Three other Rust crates provide max-flow solvers:

| Crate | Algorithm(s) | Complexity | API style |
|---|---|---|---|
| [petgraph]https://crates.io/crates/petgraph | Dinic, Ford-Fulkerson (Edmonds-Karp) | O(V^2 E), O(V E^2) | Graph type + method |
| [rs-graph]https://crates.io/crates/rs-graph | Edmonds-Karp, Dinic, push-relabel | O(V E^2), O(V^2 E), O(V^2 sqrt(E)) | Graph trait + function |
| [pathfinding]https://crates.io/crates/pathfinding | Edmonds-Karp | O(V E^2) | Edge list + function |
| **tide-maxflow** | **Tide (push-pull-relabel)** | **O(V^2 E) worst, O(VE) practical** | **Edge list + function** |

`tide-maxflow` differs from these in several ways:

- **Performance**: Tide is significantly faster than all other Rust max-flow
  implementations across tested graph families (layered, grid, bipartite,
  random, chains).

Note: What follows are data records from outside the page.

lemma weighted_prodF_level:
  "weighted i f \<Longrightarrow> sgd_level n g \<Longrightarrow> 1 \<le> i + int n \<Longrightarrow> sgd_level (nat (i + int n - 1)) (prodF f g)"
proof (induction arbitrary: n g rule: weighted.induct)
  case (level m f)
  moreover have "nat (int m + int n - 1) = m + n - 1" by simp
  ultimately show ?case using sgd_level_prodF[of m f n g] by simp
next
  case (prodF i1 f1 i2 f2)
  show ?case
  proof (cases "1 \<le> i2 + int n")
    case True
    then have "sgd_level (nat (i2 + int n - 1)) (prodF f2 g)"
      using prodF.IH(2) prodF.prems(1) by blast
    then have "sgd_level (nat (i1 + i2 - 1 + int n - 1)) (prodF f1 (prodF f2 g))"
      using prodF.IH(1)[of "nat (i2 + int n - 1)"] True prodF.prems(2) by simp
    then show ?thesis by (rule sgd_level_cong[OF _ dp_cong_sym[OF prodF_assoc_cong]])
  next
    case False
    then have "sgd_level (nat (i1 + int n - 1)) (prodF f1 g)"
      using prodF.IH(1) prodF.prems by simp
    then have "sgd_level (nat (i1 + i2 - 1 + int n - 1)) (prodF f2 (prodF f1 g))"
      using prodF.IH(2)[of "nat (i1 + int n - 1)"] False prodF.prems(2) by (simp add: algebra_simps)
    moreover have "prodF f2 (prodF f1 g) \<approx> prodF (prodF f1 f2) g"
      using dp_cong_trans[OF prodF_left_commute_cong dp_cong_sym[OF prodF_assoc_cong]] .
    ultimately show ?thesis by (rule sgd_level_cong)
  qed
next
  case (add i f h)
  then show ?case by (auto simp: prodF_linear intro: sgd_level_add)
next
  case (scal i f c)
  then show ?case by (auto simp: prodF_linear intro: sgd_level_scal)
next
  case (cong i f h)
  then show ?case by (auto intro: sgd_level_cong dp_cong_prodF dp_cong_refl)
qed

lemma weighted_level: "weighted i f \<Longrightarrow> 0 \<le> i \<Longrightarrow> sgd_level (nat i) f"
proof (induction rule: weighted.induct)
  case (level n f)
  then show ?case by simp
next
  case (prodF i1 f1 i2 f2)
  show ?case
  proof (cases "0 \<le> i1")
    case True
    then have "sgd_level (nat (i2 + i1 - 1)) (prodF f2 f1)"
      using weighted_prodF_level[OF prodF.hyps(2) prodF.IH(1)] prodF.prems by simp
    then show ?thesis by (auto intro: sgd_level_cong prodF_commute_cong simp: add.commute)
  next
    case False
    then show ?thesis
      using weighted_prodF_level[OF prodF.hyps(1) prodF.IH(2)] prodF.prems by simp
  qed
next
  case (add i f g)
  then show ?case by (auto intro: sgd_level_add)
next
  case (scal i f c)
  then show ?case by (auto intro: sgd_level_scal)
next
  case (cong i f g)
  then show ?case by (auto intro: sgd_level_cong)
qed

lemma weighted_derF: "weighted i f \<Longrightarrow> weighted (i + 1) (derF f)"
proof (induction rule: weighted.induct)
  case (level n f)
  then show ?case using weighted.level[OF sgd_level_derF[OF level]] by (simp add: add.commute)
next
  case (prodF i f j g)
  have "weighted (i + j) (prodF (derF f) g)"
    using weighted.prodF[OF prodF.IH(1) prodF.hyps(2)] by simp
  moreover have "weighted (i + j) (prodF f (derF g))"
    using weighted.prodF[OF prodF.hyps(1) prodF.IH(2)] by simp
  ultimately have "weighted (i + j) (prodF (derF f) g + prodF f (derF g))"
    by (rule weighted.add)
  then show ?case by (auto intro: weighted.cong dp_cong_sym[OF derF_prodF_cong])
next
  case (add i f g)
  then show ?case by (simp add: derF_add weighted.add)
next
  case (scal i f c)
  then show ?case by (simp add: derF_scal weighted.scal)
next
  case (cong i f g)
  then show ?case by (auto intro: weighted.cong dp_cong_derF)
qed

lemma weighted_brkF_level: "weighted j g \<Longrightarrow> sgd_level m f \<Longrightarrow> weighted (int m + j) (brkF f g)"
proof (induction rule: weighted.induct)
  case (level n g)
  then show ?case using weighted.level[OF sgd_level_brkF[of m f n g]] by simp
next
  case (prodF j1 g1 j2 g2)
  have "weighted (int m + j1 + j2 - 1) (prodF (brkF f g1) g2)"
    using weighted.prodF[OF prodF.IH(1)[OF prodF.prems] prodF.hyps(2)] .
  moreover have "weighted (int m + j1 + j2 - 1) (prodF g1 (brkF f g2))"
    using weighted.prodF[OF prodF.hyps(1) prodF.IH(2)[OF prodF.prems]] by (simp add: algebra_simps)
  ultimately have "weighted (int m + (j1 + j2 - 1)) (prodF (brkF f g1) g2 + prodF g1 (brkF f g2))"
    by (simp add: algebra_simps weighted.add)
  then show ?case by (auto intro: weighted.cong dp_cong_sym[OF brkF_prodF_right_cong])
next
  case (add i g h)
  then show ?case by (simp add: brkF_linear weighted.add)
next
  case (scal i g c)
  then show ?case by (simp add: brkF_linear weighted.scal)
next
  case (cong i g h)
  then show ?case by (auto intro: weighted.cong dp_cong_brkF dp_cong_refl)
qed

lemma weighted_brkF: "weighted i f \<Longrightarrow> weighted j g \<Longrightarrow> weighted (i + j) (brkF f g)"
proof (induction rule: weighted.induct)
  case (level n f)
  then show ?case using weighted_brkF_level by blast
next
  case (prodF i1 f1 i2 f2)
  have "weighted (i1 + i2 - 1 + j) (prodF (brkF f1 g) f2)"
    using weighted.prodF[OF prodF.IH(1)[OF prodF.prems] prodF.hyps(2)] by (simp add: algebra_simps)
  moreover have "weighted (i1 + i2 - 1 + j) (prodF f1 (brkF f2 g))"
    using weighted.prodF[OF prodF.hyps(1) prodF.IH(2)[OF prodF.prems]] by (simp add: algebra_simps)
  ultimately have "weighted (i1 + i2 - 1 + j) (prodF (brkF f1 g) f2 + prodF f1 (brkF f2 g))"
    by (rule weighted.add)
  then show ?case by (auto intro: weighted.cong dp_cong_sym[OF brkF_prodF_left_cong])
next
  case (add i f h)
  then show ?case by (simp add: brkF_linear weighted.add)
next
  case (scal i f c)
  then show ?case by (simp add: brkF_linear weighted.scal)
next
  case (cong i f h)
  then show ?case by (auto intro: weighted.cong dp_cong_brkF dp_cong_refl)
qed

lemma weighted_mon: "weighted (wt u + 1) (mon u :: ('x, 'k::field) dpterm)"
proof (induction u)
  case (Gen x)
  have "sgd_level 0 (mon (Gen x) :: ('x, 'k) dpterm)"
    using subsetD[OF sgd_subset_SGD sgd.gen] by simp
  then show ?case using weighted.level[of 0] by simp
next
  case (Der u)
  then show ?case using weighted_derF[OF Der] by (simp add: derF_mon)
next
  case (Prod u v)
  then show ?case using weighted.prodF[OF Prod.IH]
    by (simp add: prodF_eq_bilin bilin_mon algebra_simps)
next
  case (Brk u v)
  then show ?case using weighted_brkF[OF Brk.IH]
    by (simp add: brkF_eq_bilin bilin_mon algebra_simps)
qed

lemma mon_in_SGD: "wt u = -1 \<Longrightarrow> (mon u :: ('x, 'k::field) dpterm) \<in> SGD"
  using weighted_level[OF weighted_mon[of u]] by simp

lemma bilin_lspan:
  assumes "f \<in> lspan A" "g \<in> lspan B"
    and "\<And>a b. a \<in> A \<Longrightarrow> b \<in> B \<Longrightarrow> bilin F a b \<in> lspan C"
  shows "bilin F f g \<in> lspan C"
  using assms(1)
proof (induction rule: lspan.induct)
  case (base a)
  from assms(2) show ?case
    by (induction rule: lspan.induct)
      (auto simp: bilin_linear intro: assms(3)[OF base] lspan.zero lspan.add lspan.smul)
qed (auto simp: bilin_linear intro: lspan.zero lspan.add lspan.smul)

lemma derF_lspan:
  assumes "f \<in> lspan A" "\<And>a. a \<in> A \<Longrightarrow> derF a \<in> lspan C"
  shows "derF f \<in> lspan C"
  using assms(1)
  by (induction rule: lspan.induct)
    (auto simp: derF_add derF_scal derF_zero intro: assms(2) lspan.zero lspan.add lspan.smul)

lemma sgd_subset_lspan_wt:
  "(sgd :: ('x, 'k::field) dpterm set) \<subseteq> lspan {mon u | u :: 'x dpmon. wt u = -1}"
proof
  fix f :: "('x, 'k) dpterm"
  assume "f \<in> sgd"
  then show "f \<in> lspan {mon u | u. wt u = -1}"
  proof (induction rule: sgd.induct)
    case (gen x)
    then show ?case by (intro lspan.base) auto
  next
    case (lie f g)
    show ?case unfolding brkF_eq_bilin
      by (rule bilin_lspan[OF lie.IH]) (auto intro!: lspan.base simp: bilin_mon)
  next
    case (circ f g)
    have "derF g \<in> lspan {mon u | u :: 'x dpmon. wt u = 0}"
      by (rule derF_lspan[OF circ.IH(2)]) (auto simp: derF_mon intro!: lspan.base)
    then show ?case unfolding prodF_eq_bilin
      by (rule bilin_lspan[OF circ.IH(1)]) (auto intro!: lspan.base simp: bilin_mon)
  qed (auto intro: lspan.zero lspan.add lspan.smul)
qed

The CSR-based flat-array layout and global-sweep structure
  give it a substantial constant-factor advantage over the linked-list and
  adjacency-map representations used by other crates.
- **Algorithm**: The only push-relabel variant available as a standalone Rust
  crate. `rs-graph` has a push-relabel implementation, but it is part of a
  larger graph library.
- **No graph type required**: Takes a plain `&[(usize, usize, i64)]` edge list.
  No need to construct a graph data structure first.
- **CSR-based internals**: Flat arrays with paired forward/reverse edges for
  cache locality, rather than adjacency-list or linked-list representations.
- **Multiple solver strategies**: Standard, hybrid, and adaptive variants with
  optional per-phase timing instrumentation.

## Testing

Correctness is validated by comparing all three solver variants (standard,
hybrid, adaptive) against the reference Dinic implementation from the
[rs-graph](https://crates.io/crates/rs-graph) crate on thousands of random
graphs with varying size, density, and capacity ranges:

```bash
cargo test
```

The test suite (`tests/random_comparison.rs`) generates 5,000 seeded random
graphs (4-30 vertices, sparse to dense, capacities 1-1000) and asserts that
every Tide variant produces the same max flow value as rs-graph's Dinic solver.

## Binaries

The crate includes two binaries:

- **`solve_dimacs`** -- Reads a DIMACS max-flow file and solves it. Supports
  `--adaptive` and `--hybrid` flags.
- **`gen_graphs`** -- Generates random test graphs in DIMACS format.